definition conv_space :: "((nat \<Rightarrow> 'a::real_vector) \<Rightarrow> 'a \<Rightarrow> bool) \<Rightarrow> bool" where
  "conv_space conv \<longleftrightarrow>
     (\<forall>x y x0 y0. conv x x0 \<longrightarrow> conv y y0 \<longrightarrow> conv (\<lambda>n. x n + y n) (x0 + y0)) \<and>
     (\<forall>x x0 (c::real). conv x x0 \<longrightarrow> conv (\<lambda>n. c *\<^sub>R x n) (c *\<^sub>R x0)) \<and>
     (\<forall>(l::nat \<Rightarrow> real) l0 x. l \<longlonglongrightarrow> l0 \<longrightarrow> conv (\<lambda>n. l n *\<^sub>R x) (l0 *\<^sub>R x))"

definition seq_open :: "((nat \<Rightarrow> 'a) \<Rightarrow> 'a \<Rightarrow> bool) \<Rightarrow> 'a set \<Rightarrow> bool" where
  "seq_open conv A \<longleftrightarrow> (\<forall>x x0. conv x x0 \<longrightarrow> x0 \<in> A \<longrightarrow> (\<forall>\<^sub>F n in sequentially. x n \<in> A))"

definition seq_closed :: "((nat \<Rightarrow> 'a) \<Rightarrow> 'a \<Rightarrow> bool) \<Rightarrow> 'a set \<Rightarrow> bool" where
  "seq_closed conv A \<longleftrightarrow> (\<forall>x x0. conv x x0 \<longrightarrow> (\<forall>n. x n \<in> A) \<longrightarrow> x0 \<in> A)"

definition seq_interior :: "((nat \<Rightarrow> 'a) \<Rightarrow> 'a \<Rightarrow> bool) \<Rightarrow> 'a set \<Rightarrow> 'a set" where
  "seq_interior conv A = \<Union>{U. U \<subseteq> A \<and> seq_open conv U}"

definition conv_cone :: "((nat \<Rightarrow> 'a::real_vector) \<Rightarrow> 'a \<Rightarrow> bool) \<Rightarrow> 'a set \<Rightarrow> bool" where
  "conv_cone conv K \<longleftrightarrow> K \<noteq> {} \<and> seq_closed conv K \<and>
     (\<forall>c x. c \<ge> (0::real) \<longrightarrow> x \<in> K \<longrightarrow> c *\<^sub>R x \<in> K) \<and>
     (\<forall>x y. x \<in> K \<longrightarrow> y \<in> K \<longrightarrow> x + y \<in> K) \<and>
     K \<inter> uminus ` K = {0}"

definition solid_cone :: "((nat \<Rightarrow> 'a::real_vector) \<Rightarrow> 'a \<Rightarrow> bool) \<Rightarrow> 'a set \<Rightarrow> bool" where
  "solid_cone conv K \<longleftrightarrow> conv_cone conv K \<and> K \<noteq> {0} \<and> seq_interior conv K \<noteq> {}"

definition vector_ordering :: "((nat \<Rightarrow> 'a::real_vector) \<Rightarrow> 'a \<Rightarrow> bool) \<Rightarrow> ('a \<Rightarrow> 'a \<Rightarrow> bool) \<Rightarrow> bool" where
  "vector_ordering conv le \<longleftrightarrow>
     (\<forall>x. le x x) \<and> (\<forall>x y. le x y \<longrightarrow> le y x \<longrightarrow> x = y) \<and>
     (\<forall>x y z. le x y \<longrightarrow> le y z \<longrightarrow> le x z) \<and>
     (\<forall>x y z. le x y \<longrightarrow> le (x + z) (y + z)) \<and>
     (\<forall>c x y. c \<ge> (0::real) \<longrightarrow> le x y \<longrightarrow> le (c *\<^sub>R x) (c *\<^sub>R y)) \<and>
     (\<forall>x y x0 y0. conv x x0 \<longrightarrow> conv y y0 \<longrightarrow> (\<forall>n. le (x n) (y n)) \<longrightarrow> le x0 y0)"

definition pos_cone :: "('a::real_vector \<Rightarrow> 'a \<Rightarrow> bool) \<Rightarrow> 'a set" where
  "pos_cone le = {x. le 0 x}"

definition solid_vector_space :: "((nat \<Rightarrow> 'a::real_vector) \<Rightarrow> 'a \<Rightarrow> bool) \<Rightarrow> ('a \<Rightarrow> 'a \<Rightarrow> bool) \<Rightarrow> bool" where
  "solid_vector_space conv le \<longleftrightarrow> conv_space conv \<and> vector_ordering conv le \<and>
     solid_cone conv (pos_cone le)"

definition sless :: "((nat \<Rightarrow> 'a::real_vector) \<Rightarrow> 'a \<Rightarrow> bool) \<Rightarrow> ('a \<Rightarrow> 'a \<Rightarrow> bool) \<Rightarrow> 'a \<Rightarrow> 'a \<Rightarrow> bool" where
  "sless conv le x y \<longleftrightarrow> y - x \<in> seq_interior conv (pos_cone le)"

definition ord_interval :: "('a \<Rightarrow> 'a \<Rightarrow> bool) \<Rightarrow> 'a \<Rightarrow> 'a \<Rightarrow> 'a set" where
  "ord_interval le a b = {x. le a x \<and> le x b}"

definition minkowski :: "'a::real_vector set \<Rightarrow> 'a \<Rightarrow> real" where
  "minkowski A x = Inf {c. c \<ge> 0 \<and> x \<in> (\<lambda>a. c *\<^sub>R a) ` A}"

definition order_topology :: "((nat \<Rightarrow> 'a::real_vector) \<Rightarrow> 'a \<Rightarrow> bool) \<Rightarrow> ('a \<Rightarrow> 'a \<Rightarrow> bool) \<Rightarrow> 'a topology" where
  "order_topology conv le = topology_generated_by
     {{x. sless conv le a x \<and> sless conv le x b} | a b. sless conv le a b}"

definition norm_open :: "('a::real_vector \<Rightarrow> real) \<Rightarrow> 'a set \<Rightarrow> bool" where
  "norm_open p U \<longleftrightarrow> (\<forall>x\<in>U. \<exists>r>0. \<forall>y. p (y - x) < r \<longrightarrow> y \<in> U)"

end

theory Submission
  imports Defs
begin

********************

**EXERCISE OBJECTIVE**:
Starting at the first line and ending at the last, restate the material word for word.

**ANSWER FOR THE TASK**:
definition conv_space :: "((nat \<Rightarrow> 'a::real_vector) \<Rightarrow> 'a \<Rightarrow> bool) \<Rightarrow> bool" where
  "conv_space conv \<longleftrightarrow>
     (\<forall>x y x0 y0. conv x x0 \<longrightarrow> conv y y0 \<longrightarrow> conv (\<lambda>n. x n + y n) (x0 + y0)) \<and>
     (\<forall>x x0 (c::real). conv x x0 \<longrightarrow> conv (\<lambda>n. c *\<^sub>R x n) (c *\<^sub>R x0)) \<and>
     (\<forall>(l::nat \<Rightarrow> real) l0 x. l \<longlonglongrightarrow> l0 \<longrightarrow> conv (\<lambda>n. l n *\<^sub>R x) (l0 *\<^sub>R x))"

definition seq_open :: "((nat \<Rightarrow> 'a) \<Rightarrow> 'a \<Rightarrow> bool) \<Rightarrow> 'a set \<Rightarrow> bool" where
  "seq_open conv A \<longleftrightarrow> (\<forall>x x0. conv x x0 \<longrightarrow> x0 \<in> A \<longrightarrow> (\<forall>\<^sub>F n in sequentially. x n \<in> A))"

definition seq_closed :: "((nat \<Rightarrow> 'a) \<Rightarrow> 'a \<Rightarrow> bool) \<Rightarrow> 'a set \<Rightarrow> bool" where
  "seq_closed conv A \<longleftrightarrow> (\<forall>x x0. conv x x0 \<longrightarrow> (\<forall>n. x n \<in> A) \<longrightarrow> x0 \<in> A)"

definition seq_interior :: "((nat \<Rightarrow> 'a) \<Rightarrow> 'a \<Rightarrow> bool) \<Rightarrow> 'a set \<Rightarrow> 'a set" where
  "seq_interior conv A = \<Union>{U. U \<subseteq> A \<and> seq_open conv U}"

definition conv_cone :: "((nat \<Rightarrow> 'a::real_vector) \<Rightarrow> 'a \<Rightarrow> bool) \<Rightarrow> 'a set \<Rightarrow> bool" where
  "conv_cone conv K \<longleftrightarrow> K \<noteq> {} \<and> seq_closed conv K \<and>
     (\<forall>c x. c \<ge> (0::real) \<longrightarrow> x \<in> K \<longrightarrow> c *\<^sub>R x \<in> K) \<and>
     (\<forall>x y. x \<in> K \<longrightarrow> y \<in> K \<longrightarrow> x + y \<in> K) \<and>
     K \<inter> uminus ` K = {0}"

definition solid_cone :: "((nat \<Rightarrow> 'a::real_vector) \<Rightarrow> 'a \<Rightarrow> bool) \<Rightarrow> 'a set \<Rightarrow> bool" where
  "solid_cone conv K \<longleftrightarrow> conv_cone conv K \<and> K \<noteq> {0} \<and> seq_interior conv K \<noteq> {}"

definition vector_ordering :: "((nat \<Rightarrow> 'a::real_vector) \<Rightarrow> 'a \<Rightarrow> bool) \<Rightarrow> ('a \<Rightarrow> 'a \<Rightarrow> bool) \<Rightarrow> bool" where
  "vector_ordering conv le \<longleftrightarrow>
     (\<forall>x. le x x) \<and> (\<forall>x y. le x y \<longrightarrow> le y x \<longrightarrow> x = y) \<and>
     (\<forall>x y z. le x y \<longrightarrow> le y z \<longrightarrow> le x z) \<and>
     (\<forall>x y z. le x y \<longrightarrow> le (x + z) (y + z)) \<and>
     (\<forall>c x y. c \<ge> (0::real) \<longrightarrow> le x y \<longrightarrow> le (c *\<^sub>R x) (c *\<^sub>R y)) \<and>
     (\<forall>x y x0 y0. conv x x0 \<longrightarrow> conv y y0 \<longrightarrow> (\<forall>n. le (x n) (y n)) \<longrightarrow> le x0 y0)"

definition pos_cone :: "('a::real_vector \<Rightarrow> 'a \<Rightarrow> bool) \<Rightarrow> 'a set" where
  "pos_cone le = {x. le 0 x}"

definition solid_vector_space :: "((nat \<Rightarrow> 'a::real_vector) \<Rightarrow> 'a \<Rightarrow> bool) \<Rightarrow> ('a \<Rightarrow> 'a \<Rightarrow> bool) \<Rightarrow> bool" where
  "solid_vector_space conv le \<longleftrightarrow> conv_space conv \<and> vector_ordering conv le \<and>
     solid_cone conv (pos_cone le)"

definition sless :: "((nat \<Rightarrow> 'a::real_vector) \<Rightarrow> 'a \<Rightarrow> bool) \<Rightarrow> ('a \<Rightarrow> 'a \<Rightarrow> bool) \<Rightarrow> 'a \<Rightarrow> 'a \<Rightarrow> bool" where
  "sless conv le x y \<longleftrightarrow> y - x \<in> seq_interior conv (pos_cone le)"

definition ord_interval :: "('a \<Rightarrow> 'a \<Rightarrow> bool) \<Rightarrow> 'a \<Rightarrow> 'a \<Rightarrow> 'a set" where
  "ord_interval le a b = {x. le a x \<and> le x b}"

definition minkowski :: "'a::real_vector set \<Rightarrow> 'a \<Rightarrow> real" where
  "minkowski A x = Inf {c. c \<ge> 0 \<and> x \<in> (\<lambda>a. c *\<^sub>R a) ` A}"

definition order_topology :: "((nat \<Rightarrow> 'a::real_vector) \<Rightarrow> 'a \<Rightarrow> bool) \<Rightarrow> ('a \<Rightarrow> 'a \<Rightarrow> bool) \<Rightarrow> 'a topology" where
  "order_topology conv le = topology_generated_by
     {{x. sless conv le a x \<and> sless conv le x b} | a b. sless conv le a b}"

definition norm_open :: "('a::real_vector \<Rightarrow> real) \<Rightarrow> 'a set \<Rightarrow> bool" where
  "norm_open p U \<longleftrightarrow> (\<forall>x\<in>U. \<exists>r>0. \<forall>y. p (y - x) < r \<longrightarrow> y \<in> U)"

end

theory Submission
  imports Defs
begin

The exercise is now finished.